== Directions for this task ==
In the listing below, print exactly the lines between the line holding "fixes a v N :: nat" and the line holding "using assms less_eq_div_iff_mult_less_eq[of", inclusive, and no more.

== Working data ==
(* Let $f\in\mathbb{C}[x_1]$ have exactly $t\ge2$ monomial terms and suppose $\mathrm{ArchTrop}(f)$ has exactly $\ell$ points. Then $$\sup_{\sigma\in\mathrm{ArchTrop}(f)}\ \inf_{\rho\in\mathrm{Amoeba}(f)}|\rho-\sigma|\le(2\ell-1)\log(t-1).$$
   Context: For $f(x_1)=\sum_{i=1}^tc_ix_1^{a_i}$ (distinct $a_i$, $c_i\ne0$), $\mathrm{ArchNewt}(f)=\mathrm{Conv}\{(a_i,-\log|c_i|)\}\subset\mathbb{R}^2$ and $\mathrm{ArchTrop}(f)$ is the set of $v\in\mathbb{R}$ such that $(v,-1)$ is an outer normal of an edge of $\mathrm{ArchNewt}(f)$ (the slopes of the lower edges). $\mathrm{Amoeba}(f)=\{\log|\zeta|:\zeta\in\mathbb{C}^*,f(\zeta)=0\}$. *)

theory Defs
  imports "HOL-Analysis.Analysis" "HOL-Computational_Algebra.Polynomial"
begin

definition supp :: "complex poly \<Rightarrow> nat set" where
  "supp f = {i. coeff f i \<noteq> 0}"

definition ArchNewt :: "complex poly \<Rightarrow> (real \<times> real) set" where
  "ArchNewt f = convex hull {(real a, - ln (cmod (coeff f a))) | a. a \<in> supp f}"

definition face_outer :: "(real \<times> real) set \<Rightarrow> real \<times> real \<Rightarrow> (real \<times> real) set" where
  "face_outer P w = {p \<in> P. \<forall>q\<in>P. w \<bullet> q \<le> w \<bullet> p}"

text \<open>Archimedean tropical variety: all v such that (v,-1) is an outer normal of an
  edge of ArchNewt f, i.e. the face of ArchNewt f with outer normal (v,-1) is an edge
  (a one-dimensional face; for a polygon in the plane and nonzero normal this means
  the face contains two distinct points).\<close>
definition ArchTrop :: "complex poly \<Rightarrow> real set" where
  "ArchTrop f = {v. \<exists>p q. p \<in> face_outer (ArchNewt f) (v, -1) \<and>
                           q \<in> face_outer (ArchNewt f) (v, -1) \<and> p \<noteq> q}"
* * *
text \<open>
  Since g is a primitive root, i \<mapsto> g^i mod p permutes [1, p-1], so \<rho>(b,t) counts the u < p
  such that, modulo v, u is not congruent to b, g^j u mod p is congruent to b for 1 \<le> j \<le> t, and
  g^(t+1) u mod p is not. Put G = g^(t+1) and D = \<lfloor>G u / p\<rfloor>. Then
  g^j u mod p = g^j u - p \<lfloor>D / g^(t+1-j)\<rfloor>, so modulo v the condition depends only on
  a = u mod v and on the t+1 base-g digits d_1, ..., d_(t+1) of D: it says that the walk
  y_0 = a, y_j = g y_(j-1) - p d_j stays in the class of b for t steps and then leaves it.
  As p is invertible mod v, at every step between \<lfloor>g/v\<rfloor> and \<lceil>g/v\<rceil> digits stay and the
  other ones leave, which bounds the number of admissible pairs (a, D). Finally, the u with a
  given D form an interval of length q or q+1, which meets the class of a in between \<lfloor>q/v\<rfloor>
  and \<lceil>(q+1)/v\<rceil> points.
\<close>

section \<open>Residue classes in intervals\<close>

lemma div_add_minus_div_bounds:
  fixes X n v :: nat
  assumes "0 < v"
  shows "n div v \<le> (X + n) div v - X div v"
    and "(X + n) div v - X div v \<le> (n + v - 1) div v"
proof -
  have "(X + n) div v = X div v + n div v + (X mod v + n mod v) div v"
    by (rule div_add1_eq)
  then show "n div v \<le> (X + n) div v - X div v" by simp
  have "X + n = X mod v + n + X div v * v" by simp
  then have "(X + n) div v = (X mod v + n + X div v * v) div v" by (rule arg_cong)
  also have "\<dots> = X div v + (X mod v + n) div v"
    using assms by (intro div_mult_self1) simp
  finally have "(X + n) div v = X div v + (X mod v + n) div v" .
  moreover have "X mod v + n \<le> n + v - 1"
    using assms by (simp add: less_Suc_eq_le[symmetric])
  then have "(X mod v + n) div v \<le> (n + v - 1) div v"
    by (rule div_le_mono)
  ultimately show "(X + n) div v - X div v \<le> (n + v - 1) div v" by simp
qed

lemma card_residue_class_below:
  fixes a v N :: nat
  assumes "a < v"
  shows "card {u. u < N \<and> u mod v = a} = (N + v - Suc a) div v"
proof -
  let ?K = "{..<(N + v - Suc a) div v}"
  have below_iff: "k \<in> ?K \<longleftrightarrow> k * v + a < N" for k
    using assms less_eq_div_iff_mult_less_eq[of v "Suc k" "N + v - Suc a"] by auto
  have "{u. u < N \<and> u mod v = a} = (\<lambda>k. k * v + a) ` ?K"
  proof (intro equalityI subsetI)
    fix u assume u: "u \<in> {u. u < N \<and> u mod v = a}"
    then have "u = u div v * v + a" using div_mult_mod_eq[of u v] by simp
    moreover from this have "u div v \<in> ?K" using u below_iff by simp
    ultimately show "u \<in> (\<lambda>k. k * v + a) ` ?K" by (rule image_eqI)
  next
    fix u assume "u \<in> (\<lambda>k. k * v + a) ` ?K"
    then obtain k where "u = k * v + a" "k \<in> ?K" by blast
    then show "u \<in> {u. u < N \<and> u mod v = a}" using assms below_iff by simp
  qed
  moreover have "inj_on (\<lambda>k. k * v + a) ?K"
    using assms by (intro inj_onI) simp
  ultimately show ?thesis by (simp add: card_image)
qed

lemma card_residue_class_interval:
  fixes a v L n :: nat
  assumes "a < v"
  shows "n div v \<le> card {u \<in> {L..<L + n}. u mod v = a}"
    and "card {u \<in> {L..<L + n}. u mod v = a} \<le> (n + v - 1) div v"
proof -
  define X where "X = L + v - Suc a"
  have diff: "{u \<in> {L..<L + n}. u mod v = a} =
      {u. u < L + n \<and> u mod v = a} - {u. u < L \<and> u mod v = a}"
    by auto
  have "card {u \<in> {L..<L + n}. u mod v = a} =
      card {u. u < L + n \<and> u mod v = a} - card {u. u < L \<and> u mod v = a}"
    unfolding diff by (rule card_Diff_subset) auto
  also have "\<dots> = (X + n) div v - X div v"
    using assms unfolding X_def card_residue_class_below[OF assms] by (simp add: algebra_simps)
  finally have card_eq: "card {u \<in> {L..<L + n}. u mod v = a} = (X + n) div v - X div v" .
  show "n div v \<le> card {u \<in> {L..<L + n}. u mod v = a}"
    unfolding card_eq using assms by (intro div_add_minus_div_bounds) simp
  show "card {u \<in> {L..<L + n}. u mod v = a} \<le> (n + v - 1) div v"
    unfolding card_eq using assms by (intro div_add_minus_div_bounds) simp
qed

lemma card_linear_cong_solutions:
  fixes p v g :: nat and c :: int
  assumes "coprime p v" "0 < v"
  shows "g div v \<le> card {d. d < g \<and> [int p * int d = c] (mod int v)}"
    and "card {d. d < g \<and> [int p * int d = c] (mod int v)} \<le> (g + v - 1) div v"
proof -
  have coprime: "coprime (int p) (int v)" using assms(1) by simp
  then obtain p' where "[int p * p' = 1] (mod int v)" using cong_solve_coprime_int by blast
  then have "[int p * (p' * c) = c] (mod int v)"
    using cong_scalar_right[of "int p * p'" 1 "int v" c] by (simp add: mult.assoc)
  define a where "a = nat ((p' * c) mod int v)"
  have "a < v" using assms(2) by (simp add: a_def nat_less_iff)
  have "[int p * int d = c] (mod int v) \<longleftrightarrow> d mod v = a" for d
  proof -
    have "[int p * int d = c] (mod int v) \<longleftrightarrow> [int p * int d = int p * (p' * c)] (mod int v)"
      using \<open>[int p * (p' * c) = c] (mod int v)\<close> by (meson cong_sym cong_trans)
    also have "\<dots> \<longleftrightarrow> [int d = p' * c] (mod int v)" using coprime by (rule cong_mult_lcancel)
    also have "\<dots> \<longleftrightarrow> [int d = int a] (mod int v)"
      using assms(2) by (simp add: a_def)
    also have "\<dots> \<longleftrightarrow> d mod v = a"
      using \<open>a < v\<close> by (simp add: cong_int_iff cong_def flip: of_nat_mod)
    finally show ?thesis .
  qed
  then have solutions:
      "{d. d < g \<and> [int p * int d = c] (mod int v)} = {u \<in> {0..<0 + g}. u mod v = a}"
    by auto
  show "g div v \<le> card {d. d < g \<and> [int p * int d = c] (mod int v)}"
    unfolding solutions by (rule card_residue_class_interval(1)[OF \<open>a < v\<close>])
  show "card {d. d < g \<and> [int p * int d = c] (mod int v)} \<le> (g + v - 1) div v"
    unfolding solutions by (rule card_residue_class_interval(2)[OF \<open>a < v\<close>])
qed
...
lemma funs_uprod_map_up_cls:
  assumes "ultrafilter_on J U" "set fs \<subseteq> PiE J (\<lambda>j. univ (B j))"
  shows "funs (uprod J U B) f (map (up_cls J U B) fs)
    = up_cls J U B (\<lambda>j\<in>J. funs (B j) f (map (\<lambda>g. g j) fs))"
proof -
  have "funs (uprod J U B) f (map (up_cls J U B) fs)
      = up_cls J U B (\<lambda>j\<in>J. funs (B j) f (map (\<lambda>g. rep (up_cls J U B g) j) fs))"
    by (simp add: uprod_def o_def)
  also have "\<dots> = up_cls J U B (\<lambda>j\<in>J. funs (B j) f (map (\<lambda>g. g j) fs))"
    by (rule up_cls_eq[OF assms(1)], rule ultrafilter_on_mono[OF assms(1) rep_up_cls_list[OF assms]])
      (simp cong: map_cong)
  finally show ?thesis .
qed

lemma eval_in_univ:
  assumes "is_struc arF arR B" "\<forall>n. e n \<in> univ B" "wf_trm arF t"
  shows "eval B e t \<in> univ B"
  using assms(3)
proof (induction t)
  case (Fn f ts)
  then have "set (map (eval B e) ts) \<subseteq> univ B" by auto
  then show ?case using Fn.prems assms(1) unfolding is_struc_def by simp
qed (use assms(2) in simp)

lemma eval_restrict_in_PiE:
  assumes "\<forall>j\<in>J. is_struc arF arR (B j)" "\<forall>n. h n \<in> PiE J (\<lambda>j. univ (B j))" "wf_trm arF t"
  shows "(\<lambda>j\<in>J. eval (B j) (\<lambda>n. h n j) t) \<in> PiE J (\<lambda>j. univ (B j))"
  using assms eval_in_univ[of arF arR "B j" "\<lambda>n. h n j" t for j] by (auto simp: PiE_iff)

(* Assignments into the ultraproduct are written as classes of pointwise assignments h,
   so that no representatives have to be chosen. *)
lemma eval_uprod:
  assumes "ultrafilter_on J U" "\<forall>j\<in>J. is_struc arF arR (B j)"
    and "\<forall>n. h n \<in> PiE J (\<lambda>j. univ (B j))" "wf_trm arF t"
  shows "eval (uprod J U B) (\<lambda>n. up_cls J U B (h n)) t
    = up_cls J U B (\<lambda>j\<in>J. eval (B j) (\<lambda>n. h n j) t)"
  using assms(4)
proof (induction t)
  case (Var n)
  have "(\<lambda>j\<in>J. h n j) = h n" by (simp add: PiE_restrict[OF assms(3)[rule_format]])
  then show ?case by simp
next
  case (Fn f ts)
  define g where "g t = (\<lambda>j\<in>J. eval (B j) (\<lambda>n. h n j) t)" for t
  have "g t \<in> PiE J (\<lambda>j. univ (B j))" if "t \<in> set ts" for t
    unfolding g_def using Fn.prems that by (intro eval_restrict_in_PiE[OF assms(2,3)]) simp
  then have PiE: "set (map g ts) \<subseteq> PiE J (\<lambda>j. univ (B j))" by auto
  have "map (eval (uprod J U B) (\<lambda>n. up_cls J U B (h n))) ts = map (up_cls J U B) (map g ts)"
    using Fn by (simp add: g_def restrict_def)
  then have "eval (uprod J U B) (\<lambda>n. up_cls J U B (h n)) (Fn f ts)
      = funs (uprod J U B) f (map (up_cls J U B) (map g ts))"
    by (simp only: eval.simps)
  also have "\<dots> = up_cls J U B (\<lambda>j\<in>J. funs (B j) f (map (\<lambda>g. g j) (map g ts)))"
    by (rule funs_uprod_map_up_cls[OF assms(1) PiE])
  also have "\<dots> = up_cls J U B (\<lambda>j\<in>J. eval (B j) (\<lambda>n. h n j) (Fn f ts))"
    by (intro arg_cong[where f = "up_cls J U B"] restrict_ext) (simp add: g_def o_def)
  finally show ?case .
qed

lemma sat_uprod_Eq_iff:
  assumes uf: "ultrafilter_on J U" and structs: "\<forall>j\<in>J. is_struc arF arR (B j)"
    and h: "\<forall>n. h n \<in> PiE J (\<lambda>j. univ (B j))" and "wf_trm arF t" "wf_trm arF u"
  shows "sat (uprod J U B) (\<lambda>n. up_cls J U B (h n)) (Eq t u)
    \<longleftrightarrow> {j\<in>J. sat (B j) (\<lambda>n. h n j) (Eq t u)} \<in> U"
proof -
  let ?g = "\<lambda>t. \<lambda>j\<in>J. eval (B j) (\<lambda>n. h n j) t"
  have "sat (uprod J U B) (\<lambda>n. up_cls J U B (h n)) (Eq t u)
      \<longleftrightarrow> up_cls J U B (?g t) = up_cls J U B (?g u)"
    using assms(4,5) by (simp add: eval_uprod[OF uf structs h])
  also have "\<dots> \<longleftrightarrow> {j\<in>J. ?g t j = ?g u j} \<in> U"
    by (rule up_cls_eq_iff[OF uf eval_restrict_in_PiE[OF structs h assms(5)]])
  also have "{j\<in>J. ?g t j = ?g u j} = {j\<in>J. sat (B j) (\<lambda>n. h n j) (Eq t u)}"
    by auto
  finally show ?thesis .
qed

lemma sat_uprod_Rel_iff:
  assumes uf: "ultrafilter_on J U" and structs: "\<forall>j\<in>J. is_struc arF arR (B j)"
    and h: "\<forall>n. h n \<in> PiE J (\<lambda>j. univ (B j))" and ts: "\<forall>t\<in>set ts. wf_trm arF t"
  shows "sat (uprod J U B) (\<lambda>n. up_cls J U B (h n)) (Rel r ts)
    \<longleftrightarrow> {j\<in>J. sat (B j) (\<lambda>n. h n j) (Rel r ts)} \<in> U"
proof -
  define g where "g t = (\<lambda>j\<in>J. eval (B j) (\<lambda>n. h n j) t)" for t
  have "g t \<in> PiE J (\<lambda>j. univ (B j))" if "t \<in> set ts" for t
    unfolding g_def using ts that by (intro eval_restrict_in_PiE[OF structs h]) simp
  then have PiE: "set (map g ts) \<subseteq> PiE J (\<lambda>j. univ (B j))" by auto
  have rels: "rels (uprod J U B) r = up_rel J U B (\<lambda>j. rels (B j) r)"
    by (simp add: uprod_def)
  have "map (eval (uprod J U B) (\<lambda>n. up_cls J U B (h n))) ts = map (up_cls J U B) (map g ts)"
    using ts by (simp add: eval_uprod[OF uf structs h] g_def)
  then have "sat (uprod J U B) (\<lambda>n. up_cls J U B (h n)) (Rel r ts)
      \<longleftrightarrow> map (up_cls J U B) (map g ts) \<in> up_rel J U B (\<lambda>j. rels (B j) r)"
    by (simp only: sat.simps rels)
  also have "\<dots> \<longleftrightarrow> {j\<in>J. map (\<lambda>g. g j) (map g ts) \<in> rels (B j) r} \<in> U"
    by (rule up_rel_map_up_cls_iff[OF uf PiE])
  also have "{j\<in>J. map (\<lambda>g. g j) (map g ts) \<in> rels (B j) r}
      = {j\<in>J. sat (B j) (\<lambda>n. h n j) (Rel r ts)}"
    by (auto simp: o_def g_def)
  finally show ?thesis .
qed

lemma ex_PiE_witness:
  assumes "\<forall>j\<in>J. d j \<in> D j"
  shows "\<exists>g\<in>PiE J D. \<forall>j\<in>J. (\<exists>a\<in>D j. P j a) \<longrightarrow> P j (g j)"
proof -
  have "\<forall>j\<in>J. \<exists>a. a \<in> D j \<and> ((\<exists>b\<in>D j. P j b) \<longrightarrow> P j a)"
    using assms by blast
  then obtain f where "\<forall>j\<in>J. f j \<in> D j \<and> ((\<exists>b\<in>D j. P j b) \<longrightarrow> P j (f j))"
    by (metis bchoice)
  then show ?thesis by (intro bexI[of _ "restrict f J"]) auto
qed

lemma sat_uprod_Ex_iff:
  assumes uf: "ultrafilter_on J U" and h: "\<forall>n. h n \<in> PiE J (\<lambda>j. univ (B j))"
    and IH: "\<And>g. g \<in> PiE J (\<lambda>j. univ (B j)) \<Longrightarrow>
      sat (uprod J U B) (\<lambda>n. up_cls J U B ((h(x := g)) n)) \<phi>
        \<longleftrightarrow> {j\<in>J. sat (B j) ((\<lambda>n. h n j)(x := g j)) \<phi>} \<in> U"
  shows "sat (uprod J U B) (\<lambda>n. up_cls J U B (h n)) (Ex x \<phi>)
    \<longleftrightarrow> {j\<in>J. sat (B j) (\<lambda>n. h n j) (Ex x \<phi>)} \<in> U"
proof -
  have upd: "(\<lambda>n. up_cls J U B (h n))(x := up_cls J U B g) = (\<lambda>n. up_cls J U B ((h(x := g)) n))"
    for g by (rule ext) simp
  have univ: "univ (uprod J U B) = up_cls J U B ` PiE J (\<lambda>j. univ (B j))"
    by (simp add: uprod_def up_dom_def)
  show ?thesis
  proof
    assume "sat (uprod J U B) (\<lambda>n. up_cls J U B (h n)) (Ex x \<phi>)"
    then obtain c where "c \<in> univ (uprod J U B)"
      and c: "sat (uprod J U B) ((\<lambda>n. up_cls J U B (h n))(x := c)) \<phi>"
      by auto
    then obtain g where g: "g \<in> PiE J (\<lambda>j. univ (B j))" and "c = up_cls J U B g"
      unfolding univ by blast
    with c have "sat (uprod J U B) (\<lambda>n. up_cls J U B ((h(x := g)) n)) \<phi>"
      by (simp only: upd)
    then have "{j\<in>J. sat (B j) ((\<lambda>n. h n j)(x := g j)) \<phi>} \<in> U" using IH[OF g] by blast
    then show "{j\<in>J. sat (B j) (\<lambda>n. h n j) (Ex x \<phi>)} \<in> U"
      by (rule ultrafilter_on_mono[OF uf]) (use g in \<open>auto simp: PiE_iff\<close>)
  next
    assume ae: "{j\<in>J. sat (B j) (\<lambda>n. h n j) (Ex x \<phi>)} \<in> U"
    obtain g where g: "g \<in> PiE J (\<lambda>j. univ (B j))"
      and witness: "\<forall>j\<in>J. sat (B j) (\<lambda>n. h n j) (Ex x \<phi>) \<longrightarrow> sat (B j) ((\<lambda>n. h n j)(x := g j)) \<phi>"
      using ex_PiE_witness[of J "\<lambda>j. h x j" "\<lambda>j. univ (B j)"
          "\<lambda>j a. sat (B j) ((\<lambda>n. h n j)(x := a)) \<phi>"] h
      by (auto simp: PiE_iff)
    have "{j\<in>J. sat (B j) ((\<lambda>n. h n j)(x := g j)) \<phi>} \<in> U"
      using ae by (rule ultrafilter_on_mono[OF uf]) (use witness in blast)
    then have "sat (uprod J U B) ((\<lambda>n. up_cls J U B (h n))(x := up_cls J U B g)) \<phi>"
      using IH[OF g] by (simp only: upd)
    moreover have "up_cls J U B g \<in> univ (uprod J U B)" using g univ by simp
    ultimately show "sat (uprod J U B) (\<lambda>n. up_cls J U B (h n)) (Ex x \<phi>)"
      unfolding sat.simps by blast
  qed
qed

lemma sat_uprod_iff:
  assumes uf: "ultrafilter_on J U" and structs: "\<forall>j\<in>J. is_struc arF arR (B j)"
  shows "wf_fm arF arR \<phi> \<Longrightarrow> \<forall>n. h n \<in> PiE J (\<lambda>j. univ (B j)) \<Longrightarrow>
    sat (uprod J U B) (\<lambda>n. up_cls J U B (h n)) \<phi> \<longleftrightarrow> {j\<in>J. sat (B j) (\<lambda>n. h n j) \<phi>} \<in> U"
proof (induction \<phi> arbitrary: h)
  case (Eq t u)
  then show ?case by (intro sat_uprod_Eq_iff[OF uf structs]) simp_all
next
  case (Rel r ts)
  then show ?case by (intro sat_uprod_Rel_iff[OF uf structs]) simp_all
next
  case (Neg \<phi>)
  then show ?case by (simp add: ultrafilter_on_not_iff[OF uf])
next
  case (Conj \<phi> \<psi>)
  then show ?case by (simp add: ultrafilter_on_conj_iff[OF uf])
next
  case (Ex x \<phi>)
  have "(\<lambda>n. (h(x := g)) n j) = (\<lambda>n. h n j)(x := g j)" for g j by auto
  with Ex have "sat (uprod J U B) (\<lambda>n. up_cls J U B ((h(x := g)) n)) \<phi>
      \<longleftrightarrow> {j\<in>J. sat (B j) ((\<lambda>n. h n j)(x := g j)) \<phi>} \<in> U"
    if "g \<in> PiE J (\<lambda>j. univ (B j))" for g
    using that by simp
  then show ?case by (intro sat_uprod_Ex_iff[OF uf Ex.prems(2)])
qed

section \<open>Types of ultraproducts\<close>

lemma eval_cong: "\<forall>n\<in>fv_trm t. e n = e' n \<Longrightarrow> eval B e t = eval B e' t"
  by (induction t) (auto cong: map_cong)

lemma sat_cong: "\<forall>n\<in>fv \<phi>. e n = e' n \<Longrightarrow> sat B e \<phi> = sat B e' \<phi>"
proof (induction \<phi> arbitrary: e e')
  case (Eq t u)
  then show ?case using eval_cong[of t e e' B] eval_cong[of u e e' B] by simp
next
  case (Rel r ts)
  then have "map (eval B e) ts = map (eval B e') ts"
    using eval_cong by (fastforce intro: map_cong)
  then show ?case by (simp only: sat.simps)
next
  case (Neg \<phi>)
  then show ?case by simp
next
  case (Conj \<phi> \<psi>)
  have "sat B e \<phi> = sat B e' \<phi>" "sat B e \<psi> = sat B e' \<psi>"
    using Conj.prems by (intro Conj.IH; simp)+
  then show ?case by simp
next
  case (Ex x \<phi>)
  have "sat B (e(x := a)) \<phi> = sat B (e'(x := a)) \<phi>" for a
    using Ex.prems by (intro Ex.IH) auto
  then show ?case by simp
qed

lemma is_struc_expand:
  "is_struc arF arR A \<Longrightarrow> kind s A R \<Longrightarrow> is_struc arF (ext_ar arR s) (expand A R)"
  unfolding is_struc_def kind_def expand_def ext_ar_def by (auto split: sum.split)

== Reply ==
  fixes a v N :: nat
  assumes "a < v"
  shows "card {u. u < N \<and> u mod v = a} = (N + v - Suc a) div v"
proof -
  let ?K = "{..<(N + v - Suc a) div v}"
  have below_iff: "k \<in> ?K \<longleftrightarrow> k * v + a < N" for k
    using assms less_eq_div_iff_mult_less_eq[of v "Suc k" "N + v - Suc a"] by auto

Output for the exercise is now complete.